Given HMGA1’s role in modulating chromatin structure and the results of the sequence analysis and molecular simulations, we further probed HMGA1a phase separation in the presence of DNA. Aqueous solutions of HMGA1a at 10 μM concentration (labelled with Alexa 647) in the presence of nanomolar amounts of double‐stranded DNA (labelled with Atto 488) readily formed condensates (Figure 3a, centre panels). These condensates were up to 10‐fold larger in size as compared to condensates in the absence of DNA under otherwise identical conditions (Figure 3a, right panel). Though recent studies have revealed that DNAs or chromatins themselves can form condensates in the presence and absence of PEG.[ ³³ , ⁷⁰ ] A control experiment without protein, but only the DNA used present, did not result in condensate formation under this condition (Figure S2, right panel). We have also tested the other two DNA sequences under the same condition and these DNA sequences did not form droplets on their own, but both promoted HMGA1a forming droplets (Figure S3). This suggests that DNA promotes phase separation of HMGA1a in vitro.

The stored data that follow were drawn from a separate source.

lemma curve_label_image:
  assumes "0 < n"
  shows "curve_label n s ` foil_ends n = (if A_crossings n s = {} then {0, 1} else A_crossings n s)"
proof (cases "A_crossings n s = {}")
  case True
  have "(0, Rgt, Inn) \<in> foil_ends n" "(0, Rgt, Outr) \<in> foil_ends n"
    using assms unfolding foil_ends_def by auto
  moreover have "curve_label n s (0, Rgt, Inn) = 0" "curve_label n s (0, Rgt, Outr) = 1"
    using True by simp_all
  ultimately have "{0, 1} \<subseteq> curve_label n s ` foil_ends n"
    by (metis image_eqI insert_subset empty_subsetI)
  moreover have "curve_label n s ` foil_ends n \<subseteq> {0, 1}"
    using True by (auto split: level.splits)
  ultimately show ?thesis using True by auto
next
  case False
  have "curve_label n s x \<in> A_crossings n s" if x: "x \<in> foil_ends n" for x
  proof -
    obtain i sd l where "x = (i, sd, l)" "i < n" using x unfolding foil_ends_def by auto
    then show ?thesis
      using False last_A_mem[OF _ False] cyc_pred_less[OF assms] by (cases sd) auto
  qed
  then have "curve_label n s ` foil_ends n \<subseteq> A_crossings n s" by blast
  moreover have "A_crossings n s \<subseteq> curve_label n s ` foil_ends n"
  proof
    fix a assume a: "a \<in> A_crossings n s"
    then have "s a = A_split" by (simp add: A_crossings_def)
    then have "curve_label n s (a, Rgt, Inn) = a"
      using False by (simp add: last_A_self)
    moreover have "(a, Rgt, Inn) \<in> foil_ends n" using a unfolding foil_ends_def A_crossings_def by auto
    ultimately show "a \<in> curve_label n s ` foil_ends n" by force
  qed
  ultimately show ?thesis using False by auto
qed

theorem num_curves_eq:
  assumes "0 < n"
  shows "num_curves n s = (if A_crossings n s = {} then 2 else card (A_crossings n s))"
proof -
  have "num_curves n s = card (curve_label n s ` foil_ends n)"
    unfolding num_curves_def by (rule card_quotient_eq_card_image) (rule state_rel_class[OF assms])
  then show ?thesis using curve_label_image[OF assms] by simp
qed

lemma state_of_word_eq_A_iff: "state_of_word \<pi> w c = A_split \<longleftrightarrow> w ! \<pi> c = 0"
  by (simp add: state_of_word_def)

lemma card_A_crossings_state_of_word:
  assumes "bij_betw \<pi> {0..<n} {0..<n}" "length w = n"
  shows "card (A_crossings n (state_of_word \<pi> w)) = count_list w 0"
proof -
  let ?C = "{c. c < n \<and> w ! \<pi> c = 0}"
  have A: "A_crossings n (state_of_word \<pi> w) = ?C"
    unfolding A_crossings_def state_of_word_eq_A_iff ..
  have inj: "inj_on \<pi> ?C"
    by (rule inj_on_subset[OF bij_betw_imp_inj_on[OF assms(1)]]) auto
  have "\<pi> ` ?C = {i. i < n \<and> w ! i = 0}"
  proof (intro equalityI subsetI)
    fix i assume "i \<in> \<pi> ` ?C"
    then obtain c where "c \<in> ?C" "i = \<pi> c" by blast
    then show "i \<in> {i. i < n \<and> w ! i = 0}"
      using bij_betw_apply[OF assms(1), of c] by simp
  next
    fix i assume i: "i \<in> {i. i < n \<and> w ! i = 0}"
    then have "i \<in> \<pi> ` {0..<n}" using bij_betw_imp_surj_on[OF assms(1)] by simp
    then obtain c where "c < n" "i = \<pi> c" by auto
    then show "i \<in> \<pi> ` ?C" using i by blast
  qed
  then have img: "\<pi> ` ?C = {i. i < length w \<and> w ! i = 0}"
    by (simp only: assms(2))
  have "card (A_crossings n (state_of_word \<pi> w)) = card (\<pi> ` ?C)"
    unfolding A by (rule card_image[OF inj, symmetric])
  also have "\<dots> = length (filter (\<lambda>x. x = 0) w)"
    unfolding img by (rule length_filter_conv_card[symmetric])
  also have "\<dots> = count_list w 0"
    by (induction w) auto
  finally show ?thesis .
qed

lemma count_list_0_binary_iff:
  assumes "set w \<subseteq> {0 :: nat, 1}"
  shows "count_list w 0 = 0 \<longleftrightarrow> w = replicate (length w) 1"
proof -
  have "count_list w 0 = 0 \<longleftrightarrow> (\<forall>x\<in>set w. x = 1)"
    using assms by (auto simp: count_list_0_iff)
  also have "\<dots> \<longleftrightarrow> w = replicate (length w) 1"
    by (metis in_set_replicate replicate_length_same)
  finally show ?thesis .
qed

lemma count_list_2_binary_iff:
  assumes "2 \<le> n"
  shows "w \<in> {replicate p 1 @ [0] @ replicate k 1 @ [0] @ replicate (n - p - k - 2) 1 | p k.
                p \<le> n - 2 \<and> k \<le> n - p - 2}
     \<longleftrightarrow> length w = n \<and> set w \<subseteq> {0 :: nat, 1} \<and> count_list w 0 = 2"
proof
  assume "w \<in> {replicate p 1 @ [0] @ replicate k 1 @ [0] @ replicate (n - p - k - 2) 1 | p k.
                p \<le> n - 2 \<and> k \<le> n - p - 2}"
  then show "length w = n \<and> set w \<subseteq> {0, 1} \<and> count_list w 0 = 2"
    using assms by auto
next
  assume "length w = n \<and> set w \<subseteq> {0, 1} \<and> count_list w 0 = 2"
  then have len: "length w = n" and bin: "set w \<subseteq> {0, 1}" and "count_list w 0 = 2"
    by auto
  then obtain ys zs where w_eq: "w = ys @ 0 # zs" and ys: "0 \<notin> set ys"
    and zs: "count_list zs 0 = 1"
    using count_list_Suc_split_first[of w 0 1] by auto
  then obtain us vs where zs_eq: "zs = us @ 0 # vs" and us: "0 \<notin> set us"
    and vs: "count_list vs 0 = 0"
    using count_list_Suc_split_first[of zs 0 0] by auto
  have "ys = replicate (length ys) 1"
    using count_list_0_binary_iff[of ys] ys bin w_eq by (simp add: count_list_0_iff)
  moreover have "us = replicate (length us) 1"
    using count_list_0_binary_iff[of us] us bin w_eq zs_eq by (simp add: count_list_0_iff)
  moreover have "vs = replicate (length vs) 1"
    using count_list_0_binary_iff[of vs] vs bin w_eq zs_eq by simp
  moreover have "length vs = n - length ys - length us - 2"
    using len w_eq zs_eq by simp
  ultimately show "w \<in> {replicate p 1 @ [0] @ replicate k 1 @ [0] @ replicate (n - p - k - 2) 1 | p k.
                p \<le> n - 2 \<and> k \<le> n - p - 2}"
    using len w_eq zs_eq by (intro CollectI exI[of _ "length ys"] exI[of _ "length us"]) auto
qed

theorem corollary23:
  fixes n :: nat and \<pi> :: "nat \<Rightarrow> nat"
  assumes "n \<ge> 2" and "bij_betw \<pi> {0..<n} {0..<n}"
  shows "{w :: nat list. length w = n \<and> set w \<subseteq> {0, 1} \<and>
            num_curves n (state_of_word \<pi> w) = 2}
       = {replicate p 1 @ [0] @ replicate k 1 @ [0] @ replicate (n - p - k - 2) 1 | p k.
            p \<le> n - 2 \<and> k \<le> n - p - 2} \<union> {replicate n 1}"
proof -
  have curves: "num_curves n (state_of_word \<pi> w) = 2 \<longleftrightarrow> count_list w 0 \<in> {0, 2}"
    if "length w = n" for w
    using num_curves_eq[of n "state_of_word \<pi> w"] assms
      card_A_crossings_state_of_word[OF assms(2) that]
      card_0_eq[of "A_crossings n (state_of_word \<pi> w)"]
    by (auto simp: A_crossings_def)
  let ?binary = "\<lambda>w :: nat list. length w = n \<and> set w \<subseteq> {0, 1}"
  have "{w. ?binary w \<and> num_curves n (state_of_word \<pi> w) = 2}
      = {w. ?binary w \<and> count_list w 0 = 2} \<union> {w. ?binary w \<and> count_list w 0 = 0}"
    using curves by auto
  also have "{w. ?binary w \<and> count_list w 0 = 2}
      = {replicate p 1 @ [0] @ replicate k 1 @ [0] @ replicate (n - p - k - 2) 1 | p k.
          p \<le> n - 2 \<and> k \<le> n - p - 2}"
    using count_list_2_binary_iff[OF assms(1)] by blast
  also have "{w. ?binary w \<and> count_list w 0 = 0} = {replicate n 1}"
    using count_list_0_binary_iff by force
  finally show ?thesis by (simp only: conj_assoc)
qed

end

To further characterise the phase behaviour of HMGA1a in the presence of DNA, we mapped out its phase diagram under constant crowding conditions. Using our PhaseScan high‐resolution droplet microfluidics approach, ^[71] we obtained phase diagrams for a range of HMGA1a and DNA concentrations (Figure 3b). HMGA1a readily phase separated with minimal (i. e., nanomolar) amounts of DNA over a broad range of protein concentrations. Of note, excess of DNA or protein leads to dissolution of condensates. Moreover, droplets merged and coalesced, substantiating their liquid‐like behaviour (Figure S4).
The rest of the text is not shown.